Operation and other features
Those buying the BDP 7300 shortly after its market release will also receive two free Blu-rays ("Batman Begins" and "I Am Legend"), and the shipping box even contains an HDMI cable - this all-in package means you're ready to get watching straight away. You might be lucky enough to get your hands on one of these examples - keep an eye out for the special sticker on the box.
Once we'd unpacked, the fun just kept on coming: The menu's design is clear and attractive, and the disc drive is extraordinarily fast and quiet - great stuff! No irritating noises crop up during operation, either - the Philips developers have done away with fans altogether.

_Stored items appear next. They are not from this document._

lemma independence_number_le_part_bound:
  assumes G: "complete_multipartite V E P" and bound: "\<forall>X\<in>P. card X \<le> m"
  shows "independence_number V E \<le> m"
proof -
  have fin: "finite V" using G unfolding complete_multipartite_def graph_def by blast
  have part: "partition_on V P"
    and adj: "\<forall>u\<in>V. \<forall>v\<in>V. E u v \<longleftrightarrow> \<not> (\<exists>X\<in>P. u \<in> X \<and> v \<in> X)"
    using G unfolding complete_multipartite_def by blast+
  have "card S \<le> m" if S: "independent_set V E S" for S
  proof (cases "S = {}")
    case False
    then obtain u where u: "u \<in> S" by blast
    then obtain X where X: "X \<in> P" "u \<in> X"
      using S part unfolding independent_set_def partition_on_def by blast
    have "S \<subseteq> X"
    proof
      fix w assume "w \<in> S"
      then have "u \<in> V" "w \<in> V" "\<not> E u w" using S u unfolding independent_set_def by auto
      then obtain Y where "Y \<in> P" "u \<in> Y" "w \<in> Y" using adj by blast
      then show "w \<in> X" using X disjointD[OF partition_onD2[OF part]] by blast
    qed
    moreover have "finite X" using X fin partition_onD1[OF part] by (blast intro: finite_subset)
    ultimately have "card S \<le> card X" by (rule card_mono[rotated])
    then show ?thesis using bound X by auto
  qed simp
  moreover have "finite {S. independent_set V E S}"
    by (rule finite_subset[of _ "Pow V"]) (use fin in \<open>auto simp: independent_set_def\<close>)
  moreover have "independent_set V E {}" unfolding independent_set_def by simp
  ultimately show ?thesis unfolding independence_number_def by (intro Max.boundedI) auto
qed

theorem lemma13:
  fixes V :: "'a set" and E :: "'a \<Rightarrow> 'a \<Rightarrow> bool" and P :: "'a set set"
    and L :: "'a \<Rightarrow> 'c set" and k n :: nat
  assumes k: "k \<ge> 1"
    and n: "n \<ge> 2 * k + 2"
    and G: "complete_multipartite V E P"
    and parts: "card P = k"
    and nV: "card V = n"
    and lists: "\<forall>v\<in>V. finite (L v) \<and> int (card (L v)) \<ge> \<lceil>(real n + real k - 1) / 3\<rceil>"
    and noncol: "\<not> (\<exists>f. L_coloring V E L f)"
    and union: "card (\<Union>v\<in>V. L v) \<le> n - 1"
    and minimal: "\<forall>(V' :: 'a set) E'. graph V' E' \<and> card V' < n \<longrightarrow>
        choice_number V' E' \<le> max (chromatic_number V' E')
          (nat \<lceil>(real (card V') + real (chromatic_number V' E') - 1) / 3\<rceil>)"
  shows "independence_number V E \<le> 4 \<and> (\<forall>X\<in>P. card X \<le> 4)"
proof -
  have "finite V" and part: "partition_on V P"
    using G unfolding complete_multipartite_def graph_def by blast+
  define q where "q = nat \<lceil>(real n + real k - 1) / 3\<rceil>"
  have "(real n + real k - 1) / 3 \<le> real q" unfolding q_def by (rule real_nat_ceiling_ge)
  then have "real (n + k) \<le> real (3 * q + 1)" by simp
  then have q3: "n + k \<le> 3 * q + 1" by (simp only: of_nat_le_iff)
  then obtain m where q: "q = Suc m" and "k \<le> m" using n by (cases q) auto
  have lists_q: "\<forall>v\<in>V. finite (L v) \<and> card (L v) \<ge> Suc m"
    using lists unfolding q[symmetric] q_def by (simp add: nat_le_iff)
  have "choosable (V - T) (induced_edges (V - T) E) m" if "T \<subseteq> V" "card T = 3" for T
    using choosable_after_removing_three[OF G that] minimal nV parts q3 q n \<open>k \<le> m\<close> by simp
  then have holders: "\<forall>X\<in>P. \<forall>c\<in>\<Union>v\<in>V. L v. card {v\<in>X. c \<in> L v} \<le> 2"
    using color_in_at_most_two_lists_of_part[OF G _ noncol lists_q] by blast
  have part_bound: "\<forall>X\<in>P. card X * q \<le> 2 * (n - 1)"
  proof
    fix X assume "X \<in> P"
    then have "X \<subseteq> V" using partition_onD1[OF part] by blast
    have "card X * q \<le> 2 * card (\<Union>v\<in>V. L v)"
    proof (rule card_mult_le_by_double_counting)
      show "finite X" using \<open>X \<subseteq> V\<close> \<open>finite V\<close> by (rule finite_subset)
      show "finite (\<Union>v\<in>V. L v)" using \<open>finite V\<close> lists_q by blast
      show "\<forall>v\<in>X. L v \<subseteq> (\<Union>v\<in>V. L v) \<and> q \<le> card (L v)" using \<open>X \<subseteq> V\<close> lists_q q by blast
    qed (use holders \<open>X \<in> P\<close> in blast)
    then show "card X * q \<le> 2 * (n - 1)" using union by linarith
  qed
  then have "n * q \<le> k * (2 * (n - 1))"
    using card_mult_le_of_parts[OF \<open>finite V\<close> part] nV parts by simp
  then have "\<forall>X\<in>P. card X \<le> 4"
    using le_four_of_double_counting_bounds[OF _ _ _ _ q3] part_bound k n by auto
  then show ?thesis using independence_number_le_part_bound[OF G] by blast
qed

Practical, but not exactly eye-catching: the remote control.
No Picture Controls:
Sadly, the BDP 7300 offers no picture controls, so expert home-theater fans will probably steer clear. The user can, at least, change the resolution of the HDMI input directly from the remote control using the "HDMI" button - from 576i right up to 1080/24p, it's all possible.
Picture Quality
HDTV:
In the lab, we detected less-than-ideal performance: The Philips deviates slightly from standard values for digital levels and RGB color-encoding. Output in YUV-encoded color also challenges the 7300 - the player cannot display blacker-than-black grayscales. The player and display decide between themselves which color space to use, and allow the user no say in the matter.
In day-to-day use, these shortcomings will only appear to the experienced eye - but they're still not harmless in our opinion. In the digital era, it should be possible to match the levels exactly, and this is something that competing models are only too happy to do.
But that's the end of the Philips weaknesses: The player delivers professional picture quality from both Blu-ray movies and documentaries. Only on one occasion, in one of our particularly challenging test sequences (a slow pan across a woman's face), did slight line-flicker appear. The Philips displays all other scenes with excellent anti-aliasing.
DVD:
In contrast to its BDP 7200 predecessor, the BDP 7300 offers highly competent, automatic film-mode detection for DVDs. This allows the player to deliver a nigh-on perfect movie picture - only very slow movements trip the video processor up, leading it to produce flicker. This occurs, for example, in a camera pan across the beach in "Six Days Seven Nights", in which the sun-loungers flicker toward the end of the shot. The same behavior could be seen, incidentally, in DVDs that did have a progressive flag - as we observed in "Gladiator". Scaling, sharpness, and color resolution are perfect and leave no room at all for griping.
Sound Quality
The Philips only outputs 5.1 channels of analog multichannel audio; via HDMI, 7.1 digital channels output as a bitstream or as PCM.
If the user sets the "HDMI Audio" mode to "Auto", the Philips will decode all high-definition Dolby and DTS formats internally. Modern receivers can receive a bitstream from the player, older receivers a decoded 7.1-channel PCM signal. Both varieties sound equal in terms of tone and dynamics - the BDP 7300 turns out to be a very balanced player when handling sound.
The Philips analog outputs also offer impressive dynamics - but they omit the two rear-surround channels, producing only 5.1 channels instead. With the live recording of the Pixies song "Debaser" on the "2008 High Definition Audio Demonstration Disc" from DTS, we could barely distinguish the analog output from the DTS-HD Master Audio output via HDMI.